IRS ENDING TAX BREAKS FOR SHORT SALES / FORECLOSURES IN 2012:  Congress enacted the Mortgage Forgiveness Debt Relief Act in 2007 that says the IRS will not tax foreclosure/short sale losses on primary residence homes until 2012.  For example if you owed $300,000 on your home and you short sold it for $200,000 – you would be sent a 1099 for the $100,000 that you would have to pay income taxes on.  This was temporarily suspended until 2012. 

The end is coming soon and you will be paying taxes on these losses.  I would never recommend foreclosure/short sale unless it is absolutely necessary, but if you are planning on doing one of these – I would do it now. 

Here is a good CNN article on when the IRS can tax you: http://money.cnn.com/2011/04/15/real_estate/taxes_mortgage_debt/index.htm


MORTGAGE RATES RISING:  Mortgage rates are controlled by the secondary bond market.  Over the past 1-2 weeks we have seen rates increasing due to dropping bond prices.  Most indicators see the market as bearish and that this drop and rise in rates could continue. 

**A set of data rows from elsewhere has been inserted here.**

(* Let $V$ be a braided vector space of diagonal type over a field $F$ of characteristic zero with basis $x_1,\dots,x_n$ and braiding $C(x_i\otimes x_j)=p_{i,j}x_j\otimes x_i$, and let $\mathfrak B(V)$ be its Nichols algebra. Let $i\neq j$. Then in $\mathfrak B(V)$: (i) $[x_i,x_j]_L=0$ if and only if $p_{i,j}=p_{j,i}=1$; (ii) $[x_i,x_j]_R=0$ if and only if $p_{i,j}=p_{j,i}=1$, or $p_{i,j}=\omega,\ p_{j,i}=\omega^2$, or $p_{i,j}=\omega^2,\ p_{j,i}=\omega$, where $\omega$ is a primitive cube root of unity.
   Context: $\mathfrak B(V)$ is the quotient of $T(V)$ by $\bigoplus_{m\ge2}\ker S_m$ (kernels of quantum symmetrizers). For generators, $[x_i,x_j]_L=p_{j,i}x_ix_j-p_{i,j}x_jx_i$ and $[x_i,x_j]_R=p_{i,j}x_ix_j-p_{j,i}x_jx_i$. *)

theory Defs
  imports "HOL-Combinatorics.Permutations"
begin

text \<open>Tensor algebra T(V) of a vector space V with basis x_i (i ranging over a finite
index type 'i), over a field 'a: elements are finitely supported functions from words
(lists of indices) to coefficients; the word w stands for x_{w!0} x_{w!1} ... \<close>

definition tgen :: "'i \<Rightarrow> ('i list \<Rightarrow> 'a::field)" where
  "tgen i = (\<lambda>w. if w = [i] then 1 else 0)"

definition tmul :: "('i list \<Rightarrow> 'a::field) \<Rightarrow> ('i list \<Rightarrow> 'a) \<Rightarrow> ('i list \<Rightarrow> 'a)" where
  "tmul u v = (\<lambda>w. \<Sum>k\<le>length w. u (take k w) * v (drop k w))"

definition tsmul :: "'a::field \<Rightarrow> ('i list \<Rightarrow> 'a) \<Rightarrow> ('i list \<Rightarrow> 'a)" where
  "tsmul c u = (\<lambda>w. c * u w)"

definition thom :: "nat \<Rightarrow> ('i list \<Rightarrow> 'a::field) \<Rightarrow> ('i list \<Rightarrow> 'a)" where
  "thom m u = (\<lambda>w. if length w = m then u w else 0)"

text \<open>Diagonal braiding C(x_i \<otimes> x_j) = p i j x_j \<otimes> x_i.  The Matsumoto lift of a
permutation \<sigma> of the m tensor positions acts on the basis word w by moving the letter
at position a to position \<sigma> a, with coefficient the product of p (w!a) (w!b) over the
pairs a < b inverted by \<sigma>.\<close>

definition perm_word :: "(nat \<Rightarrow> nat) \<Rightarrow> 'i list \<Rightarrow> 'i list" where
  "perm_word \<sigma> w = map (\<lambda>b. w ! (inv \<sigma> b)) [0..<length w]"

definition braid_coef :: "('i \<Rightarrow> 'i \<Rightarrow> 'a::field) \<Rightarrow> (nat \<Rightarrow> nat) \<Rightarrow> 'i list \<Rightarrow> 'a" where
  "braid_coef p \<sigma> w =
     (\<Prod>(a,b)\<in>{(a,b). a < b \<and> b < length w \<and> \<sigma> b < \<sigma> a}. p (w ! a) (w ! b))"

definition qsymm :: "('i::finite \<Rightarrow> 'i \<Rightarrow> 'a::field) \<Rightarrow> nat \<Rightarrow> ('i list \<Rightarrow> 'a) \<Rightarrow> ('i list \<Rightarrow> 'a)" where
  "qsymm p m u = (\<lambda>v. \<Sum>w\<in>{w. length w = m}. \<Sum>\<sigma>\<in>{\<sigma>. \<sigma> permutes {..<m}}.
       u w * braid_coef p \<sigma> w * (if perm_word \<sigma> w = v then 1 else 0))"

text \<open>u is zero in the Nichols algebra B(V) = T(V) / \<Oplus>_{m\<ge>2} ker S_m, i.e. u lies in
that graded subspace.\<close>
definition nichols_zero :: "('i::finite \<Rightarrow> 'i \<Rightarrow> 'a::field) \<Rightarrow> ('i list \<Rightarrow> 'a) \<Rightarrow> bool" where
  "nichols_zero p u \<longleftrightarrow> finite {w. u w \<noteq> 0} \<and> (\<forall>w. length w < 2 \<longrightarrow> u w = 0) \<and>
     (\<forall>m\<ge>2. qsymm p m (thom m u) = (\<lambda>_. 0))"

FHA MORTGAGE INSURANCE INCREASING ON APRIL 18th:  On April 18th, FHA will be increasing the monthly mortgage insurance on all of it’s products.  In order for a customer to qualify off the old mortgage insurance plan, they must have a new FHA case number pulled by Friday.  It usually takes a day to pull, so I would recommend doing this by Thursday.  Below is what the changes are:

Loan Period Greater Than 15 Years:

(Current) Loan to value 95% and below:    Mortgage insurance of .85% 

(New) Loan to value 95% and below:    Mortgage insurance of 1.1%

(Current) Loan to value 95.01% and above:    Mortgage insurance of .9% 

(New) Loan to value 95.01% and above:    Mortgage insurance of 1.15%

Loan Period Less Than or Equal to 15 Years:

(Current) Loan to value 90% and below:    Mortgage insurance is 0%

(New) Loan to value 90% and below:    Mortgage insurance of .25%

(Current) Loan to value 90.01% and above:    Mortgage insurance of .25% 

(New) Loan to value 90.01% and above:    Mortgage insurance of 5%

What this means for consumers:  Basically your payment will be going up by 20.84 for every $100,000 of loan amount.  This is a big change – I would definitely recommend consumers looking to purchase a home soon to get their FHA case number pulled now.  I would also recommend consumers in existing FHA loans looking to streamline refinance to get this pulled now. 


4 DAYS UNTIL NEW REGULATION Z GOES INTO EFFECT:  If you want to start a new loan and not be affected by the new regulations, you must have  your credit pulled and your loan registered with a lender before April 1st.  The new rule states that a loan officer can not be compensated by the terms of the loan – this means less options and fixed revenue for every loan regardless of the borrower situation. 

RATES RISE:  Right after the Japan tragedy, rates went down a lot.  Since then, we have seen a rebound in the stock market and rates have worsened 7 days straight.  You could get a 4.75% 10 days ago with 0 points, now you have to pay discount fees and origination fees to get that rate.  4.875% is the new par rate on 30 year fixed.  Below is some informatiom from www.tbwsratealert.com that explains the situation:

More selling in the rate markets this morning; as we have noted recently interest rates are headed higher after all the safety moves triggered by Japan’s problems. The stock market took a heavy hit on panic selling over Japan but is now trading better than prior to the earthquakes and tsunami. Interest rates also higher than prior to the issues.

ARMS:  I still suggest people trying to lower their payment with good existing 30 year fixed rates look at ARM loans.  There are 5/1 ARMs , 7/1 ARMS and 10/1 ARMS – all with substantially lower rates than a 30 year fixed.  Even if you plan on staying in your home for the long haul, you can save 15-20,000 over a 5-10 year span with these type of loans.  7 to 10 years is a long time – if you are still in your home you can always refinance to a 15 or 20 year fixed.